TASK DIRECTIONS:
From the listing below, output only the lines starting at the line that has "p) (y - p) \<le>" and ending at the line that has "by (rule convex_translation_Times_zero)", exactly as they appear, ends included.

********

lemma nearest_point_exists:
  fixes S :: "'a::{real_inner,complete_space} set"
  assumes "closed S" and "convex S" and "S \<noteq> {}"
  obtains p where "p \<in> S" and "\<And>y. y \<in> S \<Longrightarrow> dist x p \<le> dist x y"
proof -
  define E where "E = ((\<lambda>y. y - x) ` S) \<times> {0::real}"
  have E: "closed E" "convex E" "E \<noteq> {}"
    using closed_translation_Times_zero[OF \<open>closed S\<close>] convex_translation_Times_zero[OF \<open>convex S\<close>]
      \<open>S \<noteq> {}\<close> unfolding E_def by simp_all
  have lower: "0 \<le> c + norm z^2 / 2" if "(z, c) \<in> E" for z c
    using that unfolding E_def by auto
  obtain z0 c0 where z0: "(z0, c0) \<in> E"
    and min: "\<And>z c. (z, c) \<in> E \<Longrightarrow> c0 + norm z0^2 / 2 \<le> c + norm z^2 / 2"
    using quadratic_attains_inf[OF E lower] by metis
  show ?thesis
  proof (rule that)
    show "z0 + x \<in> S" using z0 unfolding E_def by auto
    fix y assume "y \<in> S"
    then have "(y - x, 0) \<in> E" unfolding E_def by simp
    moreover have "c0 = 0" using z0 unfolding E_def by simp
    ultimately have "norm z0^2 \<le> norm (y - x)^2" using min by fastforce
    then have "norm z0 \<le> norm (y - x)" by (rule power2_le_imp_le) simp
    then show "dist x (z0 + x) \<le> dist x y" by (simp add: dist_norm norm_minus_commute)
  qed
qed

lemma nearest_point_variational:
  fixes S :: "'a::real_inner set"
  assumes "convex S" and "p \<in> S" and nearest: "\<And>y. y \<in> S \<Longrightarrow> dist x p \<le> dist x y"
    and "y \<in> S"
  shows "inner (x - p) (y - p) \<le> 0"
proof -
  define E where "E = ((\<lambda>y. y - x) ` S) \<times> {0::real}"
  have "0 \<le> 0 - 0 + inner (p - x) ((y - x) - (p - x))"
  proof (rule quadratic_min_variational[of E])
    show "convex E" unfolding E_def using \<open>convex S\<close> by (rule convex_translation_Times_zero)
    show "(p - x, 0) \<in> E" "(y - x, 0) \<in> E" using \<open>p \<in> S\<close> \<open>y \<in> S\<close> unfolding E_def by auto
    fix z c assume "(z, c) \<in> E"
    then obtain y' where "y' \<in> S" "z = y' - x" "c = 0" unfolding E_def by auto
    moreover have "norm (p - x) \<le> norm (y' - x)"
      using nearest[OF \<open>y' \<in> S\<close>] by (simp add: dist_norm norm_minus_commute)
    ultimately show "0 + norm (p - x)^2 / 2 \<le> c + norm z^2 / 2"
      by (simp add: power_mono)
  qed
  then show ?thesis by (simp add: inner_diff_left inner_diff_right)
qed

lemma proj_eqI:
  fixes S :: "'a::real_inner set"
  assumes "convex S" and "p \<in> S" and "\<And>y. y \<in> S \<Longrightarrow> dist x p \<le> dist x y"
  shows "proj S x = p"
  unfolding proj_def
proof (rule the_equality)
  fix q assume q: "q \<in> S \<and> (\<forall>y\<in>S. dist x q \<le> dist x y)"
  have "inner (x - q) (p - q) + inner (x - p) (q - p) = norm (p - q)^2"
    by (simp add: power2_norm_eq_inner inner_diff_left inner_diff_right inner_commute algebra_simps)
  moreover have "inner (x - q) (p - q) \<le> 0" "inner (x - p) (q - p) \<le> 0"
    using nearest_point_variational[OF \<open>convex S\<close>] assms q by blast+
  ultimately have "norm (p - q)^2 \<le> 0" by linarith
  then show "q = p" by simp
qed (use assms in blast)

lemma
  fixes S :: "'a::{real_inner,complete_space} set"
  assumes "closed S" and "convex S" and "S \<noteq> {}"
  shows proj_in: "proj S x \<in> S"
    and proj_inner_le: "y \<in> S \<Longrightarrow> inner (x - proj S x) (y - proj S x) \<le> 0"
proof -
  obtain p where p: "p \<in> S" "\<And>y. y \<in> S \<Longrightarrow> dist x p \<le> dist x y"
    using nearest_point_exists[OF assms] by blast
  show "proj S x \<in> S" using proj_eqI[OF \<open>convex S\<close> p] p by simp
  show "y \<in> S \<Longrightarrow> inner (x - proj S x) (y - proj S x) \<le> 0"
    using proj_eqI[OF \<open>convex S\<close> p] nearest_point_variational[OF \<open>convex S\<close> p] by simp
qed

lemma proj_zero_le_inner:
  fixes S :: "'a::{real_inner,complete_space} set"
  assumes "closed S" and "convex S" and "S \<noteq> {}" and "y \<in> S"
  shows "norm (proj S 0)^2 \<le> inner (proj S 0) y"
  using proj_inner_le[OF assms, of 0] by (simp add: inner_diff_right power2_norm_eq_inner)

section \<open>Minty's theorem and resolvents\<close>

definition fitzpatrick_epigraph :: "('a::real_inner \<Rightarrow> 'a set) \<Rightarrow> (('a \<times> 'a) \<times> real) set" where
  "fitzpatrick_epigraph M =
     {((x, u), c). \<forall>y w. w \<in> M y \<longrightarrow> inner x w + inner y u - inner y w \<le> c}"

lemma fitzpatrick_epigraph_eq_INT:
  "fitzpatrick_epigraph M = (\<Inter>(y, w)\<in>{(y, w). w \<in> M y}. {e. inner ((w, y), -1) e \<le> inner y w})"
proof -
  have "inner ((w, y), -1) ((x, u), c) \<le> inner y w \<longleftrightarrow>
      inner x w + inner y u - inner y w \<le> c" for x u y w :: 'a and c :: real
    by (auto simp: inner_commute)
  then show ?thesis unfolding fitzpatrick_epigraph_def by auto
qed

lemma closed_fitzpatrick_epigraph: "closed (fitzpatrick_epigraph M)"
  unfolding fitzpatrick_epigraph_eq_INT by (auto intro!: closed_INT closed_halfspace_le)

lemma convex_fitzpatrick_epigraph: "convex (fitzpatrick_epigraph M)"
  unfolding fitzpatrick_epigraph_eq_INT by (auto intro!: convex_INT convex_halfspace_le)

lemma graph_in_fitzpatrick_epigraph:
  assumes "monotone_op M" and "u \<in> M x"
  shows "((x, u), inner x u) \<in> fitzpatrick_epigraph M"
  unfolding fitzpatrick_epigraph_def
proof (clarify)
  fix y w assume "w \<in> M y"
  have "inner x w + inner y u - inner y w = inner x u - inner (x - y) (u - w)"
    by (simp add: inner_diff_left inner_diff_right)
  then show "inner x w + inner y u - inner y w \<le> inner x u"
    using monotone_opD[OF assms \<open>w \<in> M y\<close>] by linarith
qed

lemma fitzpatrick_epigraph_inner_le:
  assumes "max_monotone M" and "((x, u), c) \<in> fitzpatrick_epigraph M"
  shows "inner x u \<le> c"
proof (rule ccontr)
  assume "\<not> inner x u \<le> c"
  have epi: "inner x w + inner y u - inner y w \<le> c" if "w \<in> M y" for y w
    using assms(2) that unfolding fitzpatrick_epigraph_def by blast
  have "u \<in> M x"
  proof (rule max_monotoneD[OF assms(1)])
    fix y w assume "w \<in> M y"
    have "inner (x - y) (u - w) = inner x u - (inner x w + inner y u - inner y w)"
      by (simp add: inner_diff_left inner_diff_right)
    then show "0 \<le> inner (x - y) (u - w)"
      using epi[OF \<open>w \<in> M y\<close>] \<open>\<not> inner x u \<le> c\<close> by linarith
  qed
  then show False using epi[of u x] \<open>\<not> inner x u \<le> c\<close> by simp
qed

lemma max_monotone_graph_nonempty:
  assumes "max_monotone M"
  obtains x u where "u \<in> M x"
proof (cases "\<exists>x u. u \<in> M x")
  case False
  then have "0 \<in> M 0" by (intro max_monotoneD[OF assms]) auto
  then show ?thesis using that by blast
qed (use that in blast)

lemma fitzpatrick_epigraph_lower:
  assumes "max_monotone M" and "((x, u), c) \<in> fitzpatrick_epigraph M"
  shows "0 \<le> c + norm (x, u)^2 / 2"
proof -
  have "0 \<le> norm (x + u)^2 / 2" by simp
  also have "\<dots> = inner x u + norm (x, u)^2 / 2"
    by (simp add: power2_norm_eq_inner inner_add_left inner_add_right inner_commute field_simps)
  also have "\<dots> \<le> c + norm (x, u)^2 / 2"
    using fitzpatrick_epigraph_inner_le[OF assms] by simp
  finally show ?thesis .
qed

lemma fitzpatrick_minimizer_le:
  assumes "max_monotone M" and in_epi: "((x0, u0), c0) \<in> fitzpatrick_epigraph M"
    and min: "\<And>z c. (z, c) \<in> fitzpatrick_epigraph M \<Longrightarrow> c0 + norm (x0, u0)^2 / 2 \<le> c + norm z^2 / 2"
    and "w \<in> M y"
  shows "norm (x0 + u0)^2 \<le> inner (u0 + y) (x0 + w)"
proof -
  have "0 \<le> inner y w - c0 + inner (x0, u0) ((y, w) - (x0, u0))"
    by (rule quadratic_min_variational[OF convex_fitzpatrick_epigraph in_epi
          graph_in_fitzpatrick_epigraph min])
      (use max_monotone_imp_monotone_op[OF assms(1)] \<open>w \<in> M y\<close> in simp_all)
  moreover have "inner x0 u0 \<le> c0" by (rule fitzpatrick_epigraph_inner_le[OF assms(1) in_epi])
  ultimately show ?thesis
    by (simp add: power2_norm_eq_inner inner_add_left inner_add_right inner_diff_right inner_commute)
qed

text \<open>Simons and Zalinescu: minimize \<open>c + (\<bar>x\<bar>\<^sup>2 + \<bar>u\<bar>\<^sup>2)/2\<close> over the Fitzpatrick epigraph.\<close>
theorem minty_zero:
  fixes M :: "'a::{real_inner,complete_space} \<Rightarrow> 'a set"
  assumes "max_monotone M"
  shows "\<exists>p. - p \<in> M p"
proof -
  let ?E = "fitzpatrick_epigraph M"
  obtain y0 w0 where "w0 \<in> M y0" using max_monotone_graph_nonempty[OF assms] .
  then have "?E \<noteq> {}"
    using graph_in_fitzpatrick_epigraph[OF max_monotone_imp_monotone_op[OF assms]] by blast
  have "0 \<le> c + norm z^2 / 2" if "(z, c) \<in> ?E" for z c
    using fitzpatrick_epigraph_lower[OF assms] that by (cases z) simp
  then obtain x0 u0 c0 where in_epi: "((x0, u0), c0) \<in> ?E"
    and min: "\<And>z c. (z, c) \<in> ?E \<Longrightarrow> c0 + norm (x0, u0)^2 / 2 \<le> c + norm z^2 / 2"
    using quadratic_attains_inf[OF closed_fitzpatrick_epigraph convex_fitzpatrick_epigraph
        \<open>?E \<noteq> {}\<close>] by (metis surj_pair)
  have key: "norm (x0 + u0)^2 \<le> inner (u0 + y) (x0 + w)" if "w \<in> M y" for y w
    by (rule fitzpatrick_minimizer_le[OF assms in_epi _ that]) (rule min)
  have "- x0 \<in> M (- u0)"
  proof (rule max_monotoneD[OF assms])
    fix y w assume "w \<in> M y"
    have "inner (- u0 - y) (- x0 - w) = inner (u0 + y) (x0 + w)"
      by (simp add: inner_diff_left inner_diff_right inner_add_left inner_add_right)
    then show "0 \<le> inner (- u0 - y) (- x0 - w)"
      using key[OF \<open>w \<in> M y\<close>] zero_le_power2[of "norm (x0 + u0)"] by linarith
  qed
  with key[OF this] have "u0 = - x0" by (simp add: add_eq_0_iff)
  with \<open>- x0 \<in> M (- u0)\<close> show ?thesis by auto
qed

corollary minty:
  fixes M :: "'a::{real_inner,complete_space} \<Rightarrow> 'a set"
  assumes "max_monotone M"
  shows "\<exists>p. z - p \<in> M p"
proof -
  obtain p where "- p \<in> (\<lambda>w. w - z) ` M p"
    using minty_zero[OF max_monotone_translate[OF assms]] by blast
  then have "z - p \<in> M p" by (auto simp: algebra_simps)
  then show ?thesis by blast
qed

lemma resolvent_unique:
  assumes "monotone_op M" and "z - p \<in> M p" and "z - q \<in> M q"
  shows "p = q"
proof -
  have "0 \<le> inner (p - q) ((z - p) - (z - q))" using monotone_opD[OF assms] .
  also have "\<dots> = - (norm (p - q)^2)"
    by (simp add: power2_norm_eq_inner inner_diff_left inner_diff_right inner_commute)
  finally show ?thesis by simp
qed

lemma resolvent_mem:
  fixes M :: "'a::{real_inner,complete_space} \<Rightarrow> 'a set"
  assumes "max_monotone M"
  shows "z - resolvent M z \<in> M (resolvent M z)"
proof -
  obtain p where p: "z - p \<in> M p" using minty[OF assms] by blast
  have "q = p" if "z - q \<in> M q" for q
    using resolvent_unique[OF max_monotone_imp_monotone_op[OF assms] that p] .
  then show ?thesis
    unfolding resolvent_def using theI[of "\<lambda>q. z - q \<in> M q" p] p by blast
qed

********

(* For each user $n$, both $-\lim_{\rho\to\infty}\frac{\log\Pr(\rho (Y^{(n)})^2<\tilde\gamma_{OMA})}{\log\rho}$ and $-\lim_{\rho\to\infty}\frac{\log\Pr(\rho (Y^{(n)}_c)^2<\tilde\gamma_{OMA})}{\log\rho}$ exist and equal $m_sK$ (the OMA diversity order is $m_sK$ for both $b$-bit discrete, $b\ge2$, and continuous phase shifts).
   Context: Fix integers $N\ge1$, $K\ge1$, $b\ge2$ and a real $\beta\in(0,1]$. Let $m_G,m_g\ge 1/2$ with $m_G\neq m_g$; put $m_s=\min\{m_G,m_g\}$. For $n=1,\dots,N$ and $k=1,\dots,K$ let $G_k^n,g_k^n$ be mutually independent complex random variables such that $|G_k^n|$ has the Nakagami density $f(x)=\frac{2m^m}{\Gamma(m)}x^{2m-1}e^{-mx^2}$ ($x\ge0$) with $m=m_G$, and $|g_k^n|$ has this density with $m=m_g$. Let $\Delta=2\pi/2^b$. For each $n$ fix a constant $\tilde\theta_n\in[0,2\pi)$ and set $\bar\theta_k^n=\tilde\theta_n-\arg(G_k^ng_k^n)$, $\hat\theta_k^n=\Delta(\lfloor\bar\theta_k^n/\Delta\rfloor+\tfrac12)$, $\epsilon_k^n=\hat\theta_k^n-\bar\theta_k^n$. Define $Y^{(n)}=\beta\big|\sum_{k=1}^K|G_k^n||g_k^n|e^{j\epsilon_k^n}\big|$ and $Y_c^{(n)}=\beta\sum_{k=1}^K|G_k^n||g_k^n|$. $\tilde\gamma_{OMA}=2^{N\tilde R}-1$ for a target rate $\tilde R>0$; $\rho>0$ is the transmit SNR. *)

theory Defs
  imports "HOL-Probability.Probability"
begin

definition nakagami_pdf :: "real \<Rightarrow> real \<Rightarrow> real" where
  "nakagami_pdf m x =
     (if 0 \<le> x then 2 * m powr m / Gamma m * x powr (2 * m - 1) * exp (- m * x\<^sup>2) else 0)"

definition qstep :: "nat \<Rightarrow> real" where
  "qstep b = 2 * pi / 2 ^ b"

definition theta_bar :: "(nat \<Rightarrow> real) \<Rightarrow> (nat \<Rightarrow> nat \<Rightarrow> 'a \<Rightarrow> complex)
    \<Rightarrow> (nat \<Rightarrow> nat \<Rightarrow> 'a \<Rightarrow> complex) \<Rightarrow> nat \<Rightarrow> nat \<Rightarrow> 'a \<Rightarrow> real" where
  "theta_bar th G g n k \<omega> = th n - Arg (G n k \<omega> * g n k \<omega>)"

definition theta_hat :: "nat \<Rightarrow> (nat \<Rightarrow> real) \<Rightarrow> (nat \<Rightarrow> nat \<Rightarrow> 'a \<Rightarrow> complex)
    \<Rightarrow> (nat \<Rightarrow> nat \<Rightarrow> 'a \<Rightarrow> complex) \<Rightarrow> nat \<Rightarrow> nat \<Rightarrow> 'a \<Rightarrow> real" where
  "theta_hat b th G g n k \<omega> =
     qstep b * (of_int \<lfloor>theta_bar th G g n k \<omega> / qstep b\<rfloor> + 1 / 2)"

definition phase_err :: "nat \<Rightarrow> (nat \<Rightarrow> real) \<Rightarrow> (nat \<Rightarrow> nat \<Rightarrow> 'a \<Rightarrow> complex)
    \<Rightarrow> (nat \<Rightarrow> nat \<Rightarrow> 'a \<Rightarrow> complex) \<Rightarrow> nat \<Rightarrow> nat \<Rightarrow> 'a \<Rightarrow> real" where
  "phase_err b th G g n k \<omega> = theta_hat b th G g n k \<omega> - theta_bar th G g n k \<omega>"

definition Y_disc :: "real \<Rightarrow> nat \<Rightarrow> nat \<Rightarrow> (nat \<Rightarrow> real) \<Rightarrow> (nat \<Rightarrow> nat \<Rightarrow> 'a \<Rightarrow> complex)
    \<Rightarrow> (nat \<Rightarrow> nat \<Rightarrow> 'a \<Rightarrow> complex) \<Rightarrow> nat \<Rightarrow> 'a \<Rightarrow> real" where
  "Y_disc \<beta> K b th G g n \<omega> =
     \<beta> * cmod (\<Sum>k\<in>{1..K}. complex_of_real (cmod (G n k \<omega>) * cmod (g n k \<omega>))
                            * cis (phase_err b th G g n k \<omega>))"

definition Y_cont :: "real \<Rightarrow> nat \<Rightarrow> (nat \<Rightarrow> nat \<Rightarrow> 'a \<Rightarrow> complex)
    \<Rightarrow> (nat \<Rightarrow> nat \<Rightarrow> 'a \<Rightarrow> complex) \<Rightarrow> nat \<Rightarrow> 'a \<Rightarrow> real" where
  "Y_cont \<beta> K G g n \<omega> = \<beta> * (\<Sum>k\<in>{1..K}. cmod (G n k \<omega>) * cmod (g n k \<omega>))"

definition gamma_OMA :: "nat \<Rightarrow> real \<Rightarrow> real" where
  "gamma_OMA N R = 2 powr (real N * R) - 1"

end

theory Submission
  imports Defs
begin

********

PROBLEM SOLUTION:
  shows "inner (x - p) (y - p) \<le> 0"
proof -
  define E where "E = ((\<lambda>y. y - x) ` S) \<times> {0::real}"
  have "0 \<le> 0 - 0 + inner (p - x) ((y - x) - (p - x))"
  proof (rule quadratic_min_variational[of E])
    show "convex E" unfolding E_def using \<open>convex S\<close> by (rule convex_translation_Times_zero)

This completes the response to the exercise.